CG: yeah, so there’s a podiatrist at the club, I’m currently wearing some heel lifts with an off the shelf orthotics which has been heat moulded to my feet. His name is Dan, he just works with a couple of the boys and looks at how you walk and how you run – he’s pretty happy with how I’m going, I just catch up with him once a week.
FN: A navicular fracture is a pretty scary injury to deal with for both player and practitioner given how dangerous it can be with reduced blood supply and response to treatment, how have you managed to cope both physically and mentally with this injury?
CG: In the beginning they were a bit skeptical on whether they should do the surgery or not, but once they found the crack in the navicular they decided it would be best to just get it done. They said that my age worked in my favour and had a bit of time to recover and still have the chance to play AFL. Obviously, navicular is a bit of a scary word, and I guess I was probably a little ignorant to the seriousness of the injury. But I have had a bit of support from Jack Trengrove, him and myself are pretty much on exactly the same timeline for recovery. I am probably a little ahead of schedule, but I catch up with the physios once a day to try and increase my range in the right foot. At the moment it is probably only 50% of what I can achieve on my left. At the moment the most annoying thing is pulling up really sore after a run and having to have three days off.

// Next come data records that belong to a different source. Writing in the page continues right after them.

(* Conversely, for a polynomial: the homogeneous components of degree n > d are the
   coefficients of t^n in f(t x), hence vanish, and can be dropped. *)
lemma radial_imp_poly3_deg_le:
  assumes "poly3_deg_le f D" "radial_deg_le f d" shows "poly3_deg_le f d"
proof -
  define A where "A = {m\<in>exp_box D. monomial_deg m \<le> D}"
  obtain c where c: "\<forall>x. f x = (\<Sum>m\<in>A. c m * monomial3 m x)"
    using poly3_deg_le_repr[OF assms(1)] unfolding A_def by blast
  have finA: "finite A" by (simp add: A_def)
  show ?thesis
  proof (rule poly3_deg_le_by_sum[of "A \<inter> {m. monomial_deg m \<le> d}" d f c])
    show "finite (A \<inter> {m. monomial_deg m \<le> d})" using finA by simp
    show "\<forall>m\<in>A \<inter> {m. monomial_deg m \<le> d}. monomial_deg m \<le> d" by simp
    show "\<forall>x. f x = (\<Sum>m\<in>A \<inter> {m. monomial_deg m \<le> d}. c m * monomial3 m x)"
    proof
      fix x
      define p where "p = (\<Sum>m\<in>A. monom (c m * monomial3 m x) (monomial_deg m))"
      have "\<forall>t. f (scale3 t x) = poly p t"
        by (auto simp: c p_def poly_sum poly_monom monomial3_scale3 mult_ac)
      moreover obtain q where q: "degree q \<le> d" "\<forall>t. f (scale3 t x) = poly q t"
        using assms(2) unfolding radial_deg_le_def by blast
      ultimately have "poly p = poly q" by auto
      then have "p = q" by (simp add: poly_eq_poly_eq_iff)
      then have high: "coeff p n = 0" if "d < n" for n using q(1) that by (simp add: coeff_eq_0)
      have coeff_p: "coeff p n = (\<Sum>m\<in>{m\<in>A. monomial_deg m = n}. c m * monomial3 m x)" for n
        unfolding p_def coeff_sum coeff_monom using finA by (simp add: sum.inter_filter)
      have "f x = (\<Sum>m\<in>A. c m * monomial3 m x)" using c by simp
      also have "\<dots> = (\<Sum>m\<in>A \<inter> {m. monomial_deg m \<le> d}. c m * monomial3 m x)"
      proof (rule sum_drop_vanishing_fibres[OF finA])
        fix n assume "d < n"
        then show "(\<Sum>m\<in>{m\<in>A. monomial_deg m = n}. c m * monomial3 m x) = 0"
          using coeff_p high by simp
      qed
      finally show "f x = (\<Sum>m\<in>A \<inter> {m. monomial_deg m \<le> d}. c m * monomial3 m x)" .
    qed
  qed
qed

lemma tdeg3_eqI:
  assumes "polyfun f" "radial_deg_le f d" "\<forall>t. f (scale3 t x) = poly p t" "coeff p d \<noteq> 0"
  shows "tdeg3 f = d"
proof -
  obtain D where D: "poly3_deg_le f D" using polyfun_is_poly3[OF assms(1)] unfolding is_poly3_def by blast
  have fd: "poly3_deg_le f d" by (rule radial_imp_poly3_deg_le[OF D assms(2)])
  have no: "\<not> poly3_deg_le f d'" if "d' < d" for d'
  proof
    assume "poly3_deg_le f d'"
    then have "radial_deg_le f d'" by (rule poly3_deg_le_imp_radial)
    then obtain q where q: "degree q \<le> d'" "\<forall>t. f (scale3 t x) = poly q t" unfolding radial_deg_le_def by blast
    have "poly p = poly q" using q assms(3) by auto
    then have "p = q" by (simp add: poly_eq_poly_eq_iff)
    then have "coeff p d = 0" using q(1) that by (simp add: coeff_eq_0)
    then show False using assms(4) by simp
  qed
  show ?thesis unfolding tdeg3_def
    by (rule Least_equality[where P="\<lambda>d. poly3_deg_le f d", OF fd]) (use no in \<open>meson not_le\<close>)
qed

definition shear :: "3 \<Rightarrow> (complex^3 \<Rightarrow> complex) \<Rightarrow> complex^3 \<Rightarrow> complex^3" where
  "shear j g x = (\<chi> i. if i = j then x$i + g x else x$i)"
definition indep_of :: "3 \<Rightarrow> (complex^3 \<Rightarrow> complex) \<Rightarrow> bool" where
  "indep_of j g \<longleftrightarrow> (\<forall>x y. (\<forall>i. i \<noteq> j \<longrightarrow> x$i = y$i) \<longrightarrow> g x = g y)"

FN: Since the injury have you spent much time back in South Australia or have you tried to spend as much time around the club as possible?

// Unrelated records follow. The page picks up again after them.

(* Let $G_{n\times n}$ denote the $n\times n$ square grid graph and $\pi_{\mathrm{opt}}(G_{n\times n})$ its optimal pebbling number. Then the limit $$\lim_{n\to\infty}\frac{n^2}{\pi_{\mathrm{opt}}(G_{n\times n})}$$ exists.
   Context: A pebble distribution on a graph $G$ is a function $D:V(G)\to\mathbb{N}$; its size is $|D|=\sum_v D(v)$. A pebbling move along an edge $vu$ with $D(v)\ge 2$ removes two pebbles from $v$ and adds one pebble to $u$. A vertex $v$ is reachable under $D$ if $D(v)\ge 1$ or there is a sequence of pebbling moves whose last move places a pebble on $v$. $D$ is solvable if every vertex is reachable. The optimal pebbling number $\pi_{\mathrm{opt}}(G)$ is the minimum size of a solvable distribution on $G$. The $n\times n$ grid $G_{n\times n}$ is the Cartesian product of two paths on $n$ vertices. *)

theory Defs
  imports "HOL-Analysis.Analysis"
begin

text \<open>A graph is given by a vertex set V and a symmetric adjacency relation E.
  A distribution is a function D :: 'a \<Rightarrow> nat (only values on V matter).\<close>

definition pebble_move :: "('a \<Rightarrow> 'a \<Rightarrow> bool) \<Rightarrow> 'a \<Rightarrow> 'a \<Rightarrow> ('a \<Rightarrow> nat) \<Rightarrow> ('a \<Rightarrow> nat) \<Rightarrow> bool" where
  "pebble_move E v u D D' \<longleftrightarrow> E v u \<and> D v \<ge> 2 \<and>
     D' = (D(v := D v - 2))(u := (D(v := D v - 2)) u + 1)"

definition one_move :: "('a \<Rightarrow> 'a \<Rightarrow> bool) \<Rightarrow> ('a \<Rightarrow> nat) \<Rightarrow> ('a \<Rightarrow> nat) \<Rightarrow> bool" where
  "one_move E D D' \<longleftrightarrow> (\<exists>v u. pebble_move E v u D D')"

definition reachable :: "('a \<Rightarrow> 'a \<Rightarrow> bool) \<Rightarrow> ('a \<Rightarrow> nat) \<Rightarrow> 'a \<Rightarrow> bool" where
  "reachable E D t \<longleftrightarrow> D t \<ge> 1 \<or>
     (\<exists>D1 D2 v. (one_move E)\<^sup>*\<^sup>* D D1 \<and> pebble_move E v t D1 D2)"

definition solvable :: "'a set \<Rightarrow> ('a \<Rightarrow> 'a \<Rightarrow> bool) \<Rightarrow> ('a \<Rightarrow> nat) \<Rightarrow> bool" where
  "solvable V E D \<longleftrightarrow> (\<forall>t\<in>V. reachable E D t)"

definition opt_pebbling :: "'a set \<Rightarrow> ('a \<Rightarrow> 'a \<Rightarrow> bool) \<Rightarrow> nat" where
  "opt_pebbling V E = (LEAST k. \<exists>D. (\<forall>x. x \<notin> V \<longrightarrow> D x = 0) \<and> solvable V E D \<and> (\<Sum>x\<in>V. D x) = k)"

definition grid_V :: "nat \<Rightarrow> (nat \<times> nat) set" where
  "grid_V n = {0..<n} \<times> {0..<n}"

definition grid_E :: "nat \<Rightarrow> nat \<times> nat \<Rightarrow> nat \<times> nat \<Rightarrow> bool" where
  "grid_E n p q \<longleftrightarrow> p \<in> grid_V n \<and> q \<in> grid_V n \<and>
     ((fst p = fst q \<and> (snd p + 1 = snd q \<or> snd q + 1 = snd p)) \<or>
      (snd p = snd q \<and> (fst p + 1 = fst q \<or> fst q + 1 = fst p)))"

end

theory Submission
  imports Defs
begin

text \<open>Tiling the \<open>m \<times> m\<close> grid by \<open>k\<^sup>2\<close> copies of
  the \<open>n \<times> n\<close> grid (for \<open>m \<le> k n\<close>) and folding the copies onto it with a map that
  contracts edges but never breaks them gives \<open>\<pi>(m) \<le> k\<^sup>2 \<pi>(n)\<close>. Weighting each pebble
  by \<open>2^-d\<close>, where \<open>d\<close> is its grid distance to a fixed target, yields a quantity that no
  pebbling move increases and that is at least 1 if the target is reachable; summing over
  all targets gives \<open>n\<^sup>2 \<le> 9 \<pi>(n)\<close>. Together these show that \<open>b(m) = m\<^sup>2/\<pi>(m)\<close>
  satisfies \<open>b(m) \<ge> b(n) - 18 n/m\<close>, so the bounded sequence \<open>b\<close> converges to its supremum.\<close>

section \<open>Pebbling on arbitrary graphs\<close>

lemma pebble_move_count:
  assumes "pebble_move E v u D D'"
  shows "D' x + (if x = v then 2 else 0) = D x + (if x = u then 1 else 0)"
  using assms unfolding pebble_move_def by auto

lemma reachable_iff_rtranclp:
  "reachable E D t \<longleftrightarrow> (\<exists>D'. (one_move E)\<^sup>*\<^sup>* D D' \<and> 1 \<le> D' t)"
proof
  assume "reachable E D t"
  then show "\<exists>D'. (one_move E)\<^sup>*\<^sup>* D D' \<and> 1 \<le> D' t"
    unfolding reachable_def
  proof (elim disjE exE conjE)
    fix D1 D2 v assume "(one_move E)\<^sup>*\<^sup>* D D1" and move: "pebble_move E v t D1 D2"
    then have "(one_move E)\<^sup>*\<^sup>* D D2"
      by (metis one_move_def rtranclp.rtrancl_into_rtrancl)
    moreover have "1 \<le> D2 t" using move by (simp add: pebble_move_def)
    ultimately show ?thesis by blast
  qed blast
next
  assume "\<exists>D'. (one_move E)\<^sup>*\<^sup>* D D' \<and> 1 \<le> D' t"
  then obtain D' where "(one_move E)\<^sup>*\<^sup>* D D'" "1 \<le> D' t" by blast
  then show "reachable E D t"
  proof (induction rule: rtranclp_induct)
    case base
    then show ?case by (simp add: reachable_def)
  next
    case (step D1 D2)
    then obtain v u where move: "pebble_move E v u D1 D2" by (auto simp: one_move_def)
    show ?case
    proof (cases "u = t")
      case True
      then show ?thesis using step.hyps(1) move unfolding reachable_def by blast
    next
      case False
      then have "D2 t \<le> D1 t" using pebble_move_count[OF move, of t] by (auto split: if_splits)
      then show ?thesis using step by simp
    qed
  qed
qed

lemma pebble_move_mono:
  assumes "pebble_move E v u D1 D2" "\<And>x. D1 x \<le> D1' x"
  obtains D2' where "pebble_move E v u D1' D2'" "\<And>x. D2 x \<le> D2' x"
proof -
  define D2' where "D2' = (D1'(v := D1' v - 2))(u := (D1'(v := D1' v - 2)) u + 1)"
  have "2 \<le> D1' v" using assms unfolding pebble_move_def by (metis order_trans)
  then have move': "pebble_move E v u D1' D2'"
    using assms(1) unfolding pebble_move_def D2'_def by auto
  have "D2 x \<le> D2' x" for x
    using pebble_move_count[OF move', of x] pebble_move_count[OF assms(1), of x] assms(2)[of x]
    by (auto split: if_splits)
  with move' show thesis by (rule that)
qed

lemma one_move_rtranclp_mono:
  assumes "(one_move E)\<^sup>*\<^sup>* D1 D2" "\<And>x. D1 x \<le> D1' x"
  obtains D2' where "(one_move E)\<^sup>*\<^sup>* D1' D2'" "\<And>x. D2 x \<le> D2' x"
proof -
  from assms(1) have "\<exists>D2'. (one_move E)\<^sup>*\<^sup>* D1' D2' \<and> (\<forall>x. D2 x \<le> D2' x)"
  proof (induction rule: rtranclp_induct)
    case base
    then show ?case using assms(2) by blast
  next
    case (step Y Z)
    then obtain Y' where Y': "(one_move E)\<^sup>*\<^sup>* D1' Y'" "\<forall>x. Y x \<le> Y' x" by blast
    from step.hyps(2) obtain v u where "pebble_move E v u Y Z" by (auto simp: one_move_def)
    then obtain Z' where "pebble_move E v u Y' Z'" "\<forall>x. Z x \<le> Z' x"
      using Y'(2) by (metis pebble_move_mono)
    then show ?case using Y'(1) by (metis one_move_def rtranclp.rtrancl_into_rtrancl)
  qed
  then show thesis using that by blast
qed

lemma reachable_mono:
  assumes "reachable E D t" "\<And>x. D x \<le> D' x"
  shows "reachable E D' t"
proof -
  obtain Y where Y: "(one_move E)\<^sup>*\<^sup>* D Y" "1 \<le> Y t"
    using assms(1) reachable_iff_rtranclp by metis
  obtain Z where "(one_move E)\<^sup>*\<^sup>* D' Z" "\<And>x. Y x \<le> Z x"
    using one_move_rtranclp_mono[OF Y(1) assms(2)] by blast
  then show ?thesis using Y(2) reachable_iff_rtranclp by (metis le_trans)
qed

text \<open>If \<open>\<phi>\<close> maps every edge to an edge or to a single vertex, every pebbling sequence
  of \<open>D\<close> is shadowed by one of its image: a move along a contracted edge only loses a pebble.\<close>

definition pebble_image :: "'a set \<Rightarrow> ('a \<Rightarrow> 'b) \<Rightarrow> ('a \<Rightarrow> nat) \<Rightarrow> 'b \<Rightarrow> nat" where
  "pebble_image V \<phi> D y = (\<Sum>x\<in>V. if \<phi> x = y then D x else 0)"

lemma pebble_image_move_count:
  assumes "finite V" "v \<in> V" "u \<in> V" "pebble_move E v u D D'"
  shows "pebble_image V \<phi> D' y + (if \<phi> v = y then 2 else 0)
       = pebble_image V \<phi> D y + (if \<phi> u = y then 1 else 0)"
proof -
  have "(if \<phi> x = y then D' x else 0) + (if x = v then (if \<phi> v = y then 2 else 0) else 0)
     = (if \<phi> x = y then D x else 0) + (if x = u then (if \<phi> u = y then 1 else 0) else 0)" for x
    using pebble_move_count[OF assms(4), of x] by (auto split: if_splits)
  then have "(\<Sum>x\<in>V. (if \<phi> x = y then D' x else 0) + (if x = v then (if \<phi> v = y then 2 else 0) else 0))
     = (\<Sum>x\<in>V. (if \<phi> x = y then D x else 0) + (if x = u then (if \<phi> u = y then 1 else 0) else 0))"
    by simp
  then show ?thesis unfolding pebble_image_def sum.distrib using assms(1-3) by simp
qed

lemma one_move_rtranclp_image:
  assumes "finite V" "\<And>v u. E v u \<Longrightarrow> v \<in> V \<and> u \<in> V"
    and hom: "\<And>v u. E v u \<Longrightarrow> \<phi> v \<noteq> \<phi> u \<Longrightarrow> E' (\<phi> v) (\<phi> u)"
    and "(one_move E)\<^sup>*\<^sup>* D D'"
  shows "\<exists>Z. (one_move E')\<^sup>*\<^sup>* (pebble_image V \<phi> D) Z \<and> (\<forall>y. pebble_image V \<phi> D' y \<le> Z y)"
  using assms(4)
proof (induction rule: rtranclp_induct)
  case base
  then show ?case by blast
next
  case (step Y Y')
  then obtain Z where Z: "(one_move E')\<^sup>*\<^sup>* (pebble_image V \<phi> D) Z"
      "\<forall>y. pebble_image V \<phi> Y y \<le> Z y" by blast
  from step.hyps(2) obtain v u where move: "pebble_move E v u Y Y'" by (auto simp: one_move_def)
  then have E: "E v u" by (simp add: pebble_move_def)
  then have "v \<in> V" "u \<in> V" using assms(2) by auto
  note count = pebble_image_move_count[OF assms(1) this move, of \<phi>]
  show ?case
  proof (cases "\<phi> v = \<phi> u")
    case True
    then have "pebble_image V \<phi> Y' y \<le> pebble_image V \<phi> Y y" for y
      using count[of y] by (auto split: if_splits)
    then show ?thesis using Z le_trans by blast
  next
    case False
    let ?P = "pebble_image V \<phi> Y"
    have "2 \<le> ?P (\<phi> v)" using count[of "\<phi> v"] False by simp
    moreover have "pebble_image V \<phi> Y' = (?P(\<phi> v := ?P (\<phi> v) - 2))(\<phi> u := (?P(\<phi> v := ?P (\<phi> v) - 2)) (\<phi> u) + 1)"
    proof
      fix y show "pebble_image V \<phi> Y' y = ((?P(\<phi> v := ?P (\<phi> v) - 2))(\<phi> u := (?P(\<phi> v := ?P (\<phi> v) - 2)) (\<phi> u) + 1)) y"
        using count[of y] False by (auto split: if_splits)
    qed
    ultimately have "pebble_move E' (\<phi> v) (\<phi> u) ?P (pebble_image V \<phi> Y')"
      using hom[OF E False] by (simp add: pebble_move_def)
    then obtain Z' where "pebble_move E' (\<phi> v) (\<phi> u) Z Z'" "\<forall>y. pebble_image V \<phi> Y' y \<le> Z' y"
      using Z(2) by (metis pebble_move_mono)
    then show ?thesis using Z(1) by (metis one_move_def rtranclp.rtrancl_into_rtrancl)
  qed
qed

CG: It’s been pretty tough; I was pretty a bit immature in not knowing what was going to happen after the navicular surgery. I have tried to keep myself pretty busy, outside of footy I’m studying psychology at Melbourne Uni, I had Matty Kreuzer out with me at the same time which gave me someone to catch up with, and just tried to have fun around the club as much as possible.

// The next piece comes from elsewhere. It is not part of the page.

(* Let $k \geq 3$, $\epsilon > 0$, let $G$ be a finite abelian group with $N = |G|$, let $A_1,\dots,A_k \subseteq G$ and let $(R,\eta)$ be a pair which is $\epsilon$-regular for each $A_i$ (with respect to the parameters $k,\epsilon$). Suppose that $x_1,\dots,x_k \in G$ satisfy $x_1 + \dots + x_k = 0$ and that, for each $i$, $x_i$ is an $\epsilon$-regular value with respect to $A_i$ and $(R,\eta)$. Then \[ \left| T\left(A_1^{+x_1}\psi_1^{1/2}, A_2^{+x_2}\psi_2,\dots,A_{k-1}^{+x_{k-1}}\psi_2, A_k^{+x_k}\psi_1^{1/2}\right) - \alpha_{1,1}^{x_1}\alpha_{2,2}^{x_2}\alpha_{3,2}^{x_3}\cdots\alpha_{k-1,2}^{x_{k-1}}\alpha_{k,1}^{x_k}\right| \leq 4\cdot 2^k\epsilon. \]
   Context: $G^{\ast}$ is the group of characters $\gamma : G \to \mathbb{C}$; $\widehat{f}(\gamma) = \sum_x f(x)\gamma(x)$; $f \ast g(x) = \sum_y f(y)g(x-y)$; sets are identified with indicator functions; arguments of complex numbers lie in $(-\pi,\pi]$. For $\Gamma = \{\gamma_1,\dots,\gamma_d\} \subseteq G^{\ast}$ let $\|x\|_\Gamma = \max_j|\arg\gamma_j(x)|/(2\pi)$ ($\|x\|_\emptyset = 0$), $B_{\Gamma,t} = \{x : \|x\|_\Gamma \leq t\}$, $\widetilde{B}_{\Gamma,\delta}(x) = \int_0^\infty B_{\Gamma,t}(x)\delta^{-1}e^{-t/\delta}\,dt$, $\beta_{\Gamma,\delta} = \widetilde{B}_{\Gamma,\delta}/\sum_y\widetilde{B}_{\Gamma,\delta}(y)$, $\psi_{\Gamma,\delta} = \beta_{\Gamma,\delta} \ast \beta_{\Gamma,\delta}$. For a pair $(R,\eta)$ with $R \subseteq G^{\ast}$, $d = |R|$, $\eta \in (0,1]$: $\psi_1 = \psi_{R,\eta}$, $\psi_2 = \psi_{R,\eta_2}$ with $\eta_2 = 2^{-40}\epsilon^6\eta/(dk^4)$ (for $d=0$ all $\psi_{\emptyset,\delta} \equiv 1/N$, so $\eta_2$ is immaterial). For $A \subseteq G$, $\alpha_j^x = (A \ast \psi_j)(x)$, and for the sets $A_i$ write $\alpha_{i,j}^x = (A_i \ast \psi_j)(x)$; $A^{+x}(n) = A(x+n)$. A point $x$ is an $\epsilon$-regular value w.r.t. $A$ and $(R,\eta)$ if (i) $\sum_y(\alpha_2^{x+y} - \alpha_1^x)^2\psi_1(y) \leq \epsilon^2$ and (ii) $\left|\sum_n (A(x+n) - \alpha_2^x)\psi_2(n)\gamma(n)\right| \leq \epsilon$ for all $\gamma \in G^{\ast}$. $(R,\eta)$ is $\epsilon$-regular for $A$ if fewer than $\epsilon N$ points $x$ are not $\epsilon$-regular values. For $f_1,\dots,f_k : G \to \mathbb{R}$, $T(f_1,\dots,f_k) = \sum_{x_1+\dots+x_k = 0} f_1(x_1)\cdots f_k(x_k)$; products such as $A_i^{+x_i}\psi_2$ are pointwise products. *)

theory Defs
  imports "HOL-Analysis.Analysis"
begin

About 2 weeks after the surgery I went back to SA to see the family, but I have tried to stay around the club as much as possible to stay on top of my rehab.
FN: What has your exercise regime looked like over the time since completing your injury?
CG: It’s been a pretty good chance for me to improve my upper body, I have been completing about 3-4 sessions a week in the weights room, doing a bit of boxing and plenty of cycling to get some condition back in the legs. Every now and then I have been doing some cross fit type stuff for the upper body and that’s done at another gym – so once again a change in environment helps with the motivation side of things. I have done a lot of swimming also!
FN: It’s coming up to July which was meant to be your time to test out a return to full senior training, do you believe you’re on track to see yourself removed from the injury list or even step into the backline for senior squad?
CG: I’m still on track, in fact as I said earlier I am probably a little ahead of schedule. If I get back to full training in July, I will probably start playing in July as well. In a few weeks Ill start joining in and doing a couple of drills for a month or so but my main goal is to return to full running. Its a bit of a waiting game at the moment but it seems to be all on track.
The AFL is probably a little too far away at the moment, I’m coming off a very limited pre-season in my first year and zero pre-season this year, so just looking to play some good footy in the VFL and see how I go in that regard. If I do get back into the team we will probably looking at the last 7-8 games, but it’s all about just playing some consistent footy for me right now.
FN: What kind of shoes are you wearing most of the time? Do you have a range of them or do you stick to the most comfy pair? What football boots do you wear and is it associated with a sponsorship deal?
CG: So Carlton is sponsored by Nike, so I have been wearing Nike for the last 2 years just with the orthotics and the heel lifts inserted into them. I have always worn ASICS before but it doesn’t really matter what shoes you wear as long as you have the support from the orthotics.
I might wear a different range of boots when I get back to training, so wearing the more supportive ASICS boots because they are more like a runner and work back into wearing Nike.
FN: Well thanks for talking to us mate and all the best for the future.